‘But everyone speaks English anyway?’ is a common attitude in the UK nowadays, which isn’t surprising in a country that is notorious for struggling with learning new languages. However, with 70% of the world’s population unable to speak English, it seems that the UK could potentially miss out on important opportunities by not learning any foreign languages.
‘If you talk to a man in a language he understands, that goes to his head. If you talk to him in his own language that goes to his heart.’ – Nelson Mandela
Foreign Language Learning in the UK: The Facts and Figures
The estimated percentage of British people who can hold a conversation in a foreign language is 25%, compared to 38% of the EU population (non-British or Irish) who can do so in English. As far back as 1974, the UK and Ireland were behind in language learning, as all EU member states except those two had made learning a foreign language compulsory by then.
By 1998, the UK had followed suit with almost all pupils studying at least one foreign language at GCSE Level, but compulsory foreign language learning was scrapped under the Blair government. Following this, a language trends survey concluded that the number of GCSE students taking a language had fallen from 78% to 49% between 2001 and 2015.
Furthermore, a European Survey on European Languages concluded that only 9% of British teenagers had progressed beyond a basic level in a language that they were learning, comparing to 42% across other countries.
Foreign Language Learning in the UK: My Experience with the Process
Here in Wales, where I went to school, 48% fewer students are studying foreign language now, compared to 15 years ago. 61% of Welsh schools have fewer than five foreign language pupils at A-level and in 64% of Welsh schools’ modern foreign language departments have just one or two full-time teachers with one-third dependant on non-British EU nationals as staff.

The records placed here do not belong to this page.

lemma sign_cell_subset_Rn: "sign_cell N a d \<sigma> \<subseteq> Rn (dims N (a - 1))"
  by (auto simp: sign_cell_def)

lemma sign_cell_0:
  "sign_cell N a 0 \<sigma> = {y \<in> Rn (dims N (a - 1)). \<forall>j<dims N a. sign_ok (\<sigma> 0 j) (aff_layer N a y j)}"
  by (auto simp: sign_cell_def)

lemma sign_cell_Suc:
  assumes "1 \<le> a" "a + d \<le> depth N"
  shows "sign_cell N a (Suc d) \<sigma> = sign_cell N a d \<sigma> \<inter> comp N a (a + d) -`
    {y \<in> Rn (dims N (a + d)). \<forall>j<dims N (a + d + 1). sign_ok (\<sigma> (Suc d) j) (aff_layer N (a + d + 1) y j)}"
  using comp_eq_relu_preact[OF assms] relu_v_in_Rn[OF preact_in_Rn]
  by (auto simp: sign_cell_def le_Suc_eq)

lemma canon_nonempty: "C \<in> canon N a d \<Longrightarrow> C \<noteq> {}"
  by (cases d) (auto simp: hyp_cells_def)

lemma canon_imp_sign_cell:
  assumes "1 \<le> a" "a + d \<le> depth N + 1" "C \<in> canon N a d"
  obtains \<sigma> where "sign_pattern \<sigma>" "C = sign_cell N a d \<sigma>"
  using assms(2,3)
proof (induction d arbitrary: C thesis)
  case 0
  then obtain \<tau> where "\<forall>j. \<tau> j \<in> {-1, 0, 1}"
    "C = {y \<in> Rn (dims N (a - 1)). \<forall>j<dims N a. sign_ok (\<tau> j) (aff_layer N a y j)}"
    by (auto simp: hyp_cells_def)
  then show ?case using 0(1)[of "\<lambda>e j. \<tau> j"] by (simp add: sign_pattern_def sign_cell_0)
next
  case (Suc d)
  then obtain C' R where CR: "C' \<in> canon N a d" "R \<in> hyp_cells N (a + d + 1)"
    "C = C' \<inter> comp N a (a + d) -` R" by auto
  obtain \<sigma> where \<sigma>: "sign_pattern \<sigma>" "C' = sign_cell N a d \<sigma>"
    using Suc.IH[OF _ _ CR(1)] Suc.prems(2) by auto
  obtain \<tau> where \<tau>: "\<forall>j. \<tau> j \<in> {-1, 0, 1}" "R = {y \<in> Rn (dims N (a + d)).
      \<forall>j<dims N (a + d + 1). sign_ok (\<tau> j) (aff_layer N (a + d + 1) y j)}"
    using CR(2) by (auto simp: hyp_cells_def)
  have "C = sign_cell N a (Suc d) (\<sigma>(Suc d := \<tau>))"
    using sign_cell_Suc[of a d N "\<sigma>(Suc d := \<tau>)"] assms(1) Suc.prems(2) CR(3) \<sigma>(2) \<tau>(2)
    by (simp add: sign_cell_def)
  moreover have "sign_pattern (\<sigma>(Suc d := \<tau>))" using \<sigma>(1) \<tau>(1) by (auto simp: sign_pattern_def)
  ultimately show ?case using Suc.prems(1) by blast
qed

lemma sign_cell_in_canon:
  assumes "1 \<le> a" "a + d \<le> depth N + 1" "sign_pattern \<sigma>" "sign_cell N a d \<sigma> \<noteq> {}"
  shows "sign_cell N a d \<sigma> \<in> canon N a d"
  using assms(2,4)
proof (induction d)
  case 0
  then show ?case using assms(3) unfolding hyp_cells_def canon.simps sign_cell_0 sign_pattern_def
    by blast
next
  case (Suc d)
  let ?R = "{y \<in> Rn (dims N (a + d)).
    \<forall>j<dims N (a + d + 1). sign_ok (\<sigma> (Suc d) j) (aff_layer N (a + d + 1) y j)}"
  have eq: "sign_cell N a (Suc d) \<sigma> = sign_cell N a d \<sigma> \<inter> comp N a (a + d) -` ?R"
    using assms(1) Suc.prems(1) by (intro sign_cell_Suc) auto
  have "sign_cell N a d \<sigma> \<noteq> {}" using Suc.prems(2) eq by auto
  then have "sign_cell N a d \<sigma> \<in> canon N a d" using Suc.IH Suc.prems(1) by simp
  moreover have "?R \<in> hyp_cells N (a + d + 1)"
  proof -
    have "?R \<noteq> {}" using Suc.prems(2) eq by auto
    moreover have "\<forall>j. \<sigma> (Suc d) j \<in> {-1, 0, 1}" using assms(3) by (simp add: sign_pattern_def)
    ultimately show ?thesis
      unfolding hyp_cells_def mem_Collect_eq by (intro conjI exI[of _ "\<sigma> (Suc d)"]) simp_all
  qed
  ultimately show ?case using eq Suc.prems(2) unfolding canon.simps by blast
qed

text \<open>On a sign cell the ReLUs act as fixed coordinate masks, so there the pre-activations
  agree with the affine maps obtained by replacing each ReLU by its mask.\<close>

primrec masked_preact :: "net \<Rightarrow> nat \<Rightarrow> (nat \<Rightarrow> nat \<Rightarrow> bool) \<Rightarrow> nat \<Rightarrow> vect \<Rightarrow> vect" where
  "masked_preact N a \<mu> 0 y = aff_layer N a y"
| "masked_preact N a \<mu> (Suc e) y =
     aff_layer N (a + e + 1) (\<lambda>l. if \<mu> e l then masked_preact N a \<mu> e y l else 0)"

definition active_mask :: "(nat \<Rightarrow> nat \<Rightarrow> int) \<Rightarrow> nat \<Rightarrow> nat \<Rightarrow> bool" where
  "active_mask \<sigma> e l \<longleftrightarrow> \<sigma> e l = 1"

lemma masked_preact_beyond: "dims N (a + e) \<le> j \<Longrightarrow> masked_preact N a \<mu> e y j = 0"
  by (cases e) (simp_all add: aff_layer_def)

lemma affine_form_aff_layer:
  assumes "\<And>l. l < dims N (i - 1) \<Longrightarrow> affine_form n (\<lambda>y. x y l)"
  shows "affine_form n (\<lambda>y. aff_layer N i (x y) j)"
proof (cases "j < dims N i")
  case True
  have "affine_form n (\<lambda>y. (\<Sum>l<dims N (i - 1). wt N i j l * x y l) + bs N i j)"
    by (intro affine_form_add affine_form_sum affine_form_cmult affine_form_const assms) auto
  then show ?thesis using True by (simp add: aff_layer_def)
next
  case False
  then show ?thesis by (simp add: aff_layer_def affine_form_const)
qed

The school I attended was a bilingual school, where Welsh was the medium of all my classes, except English lessons of course. Contrary to what some might say, I don’t believe this held me back in the slightest. I consider it an advantage, especially when trying my hand at other languages. It was one of the reasons I chose French as a part of my degree, a language that I studied for seven years at school.
After a further two years studying it at university, I felt as though I hadn’t made much progress. This all changed during my third year at University, which I spent in Toulouse on Erasmus. After these eight months, I now consider myself a French speaker. The experience taught me about the importance of immersion when learning a language. Most of my progress came whilst I was totally immersed in French. But how then, could the Erasmus students I met from Scandinavia and Germany, speak such good English, as well as blow me away with how much better their French was than mine?
In Wales, a third language is taught to students once they start secondary schools. Some schools in England start teaching foreign languages at around seven years of age, but consistency here is a grey area. What is consistent however is how EU nations have lowered the age that children start learning foreign languages, some lowering to as young as three. In Sweden, English is a core subject along with Maths and Swedish. Seeing as you have a sufficient number of core lessons a week, Swedish students tend to be much more immersed in English than British students are in foreign languages.
How Costly is the Lack of Foreign Language Proficiency to the UK and What Does it Mean for UK Businesses?
The disadvantages extend to more than the locals laughing behind our backs whenever we go on holiday and mutter ‘mercy bowcoop’ when the waiter brings our food at a Parisian restaurant.
It is estimated that the lack of foreign language skills costs the UK 3.5% of its yearly GDP, a whopping £48bn a year. The British Council drew up a report named ‘languages of the future’. The report concluded that of the 29 high-growth markets included in the report, the majority had low or very low level of English proficiency, meaning that deals with countries such as China and Brazil who are keen to trade internationally are being squandered due to language barriers, a trend that can’t afford to continue in post-Brexit Britain.
What Can be Done Today and in the Future to Tackle the Issue?
The government have already introduced the English Baccalaureate scheme in English schools, which measures the achievement of pupils that have GCSE qualifications in four subjects, plus a foreign language. The goal is to have 90% of students achieving this by 2025, but it’s estimated that the government need 3,500 more teachers if this is to be achievable.
Earlier introduction of foreign language learning has proved effective across Europe. Children are said to be like sponges, they take on information easier, making it the easiest stage to learning languages. Some argue that seven years of age is even too late since it misses a key period in a child’s learning process, and that language education should be introduced from five or even three.
A restructuring of the curriculum is also debated, and many would like to see a foreign language introduced as a core subject, although compromises may have to be made to achieve this. The bottom line is, that young people need more of a platform to learn foreign languages – not just one or two one-hour sessions per week.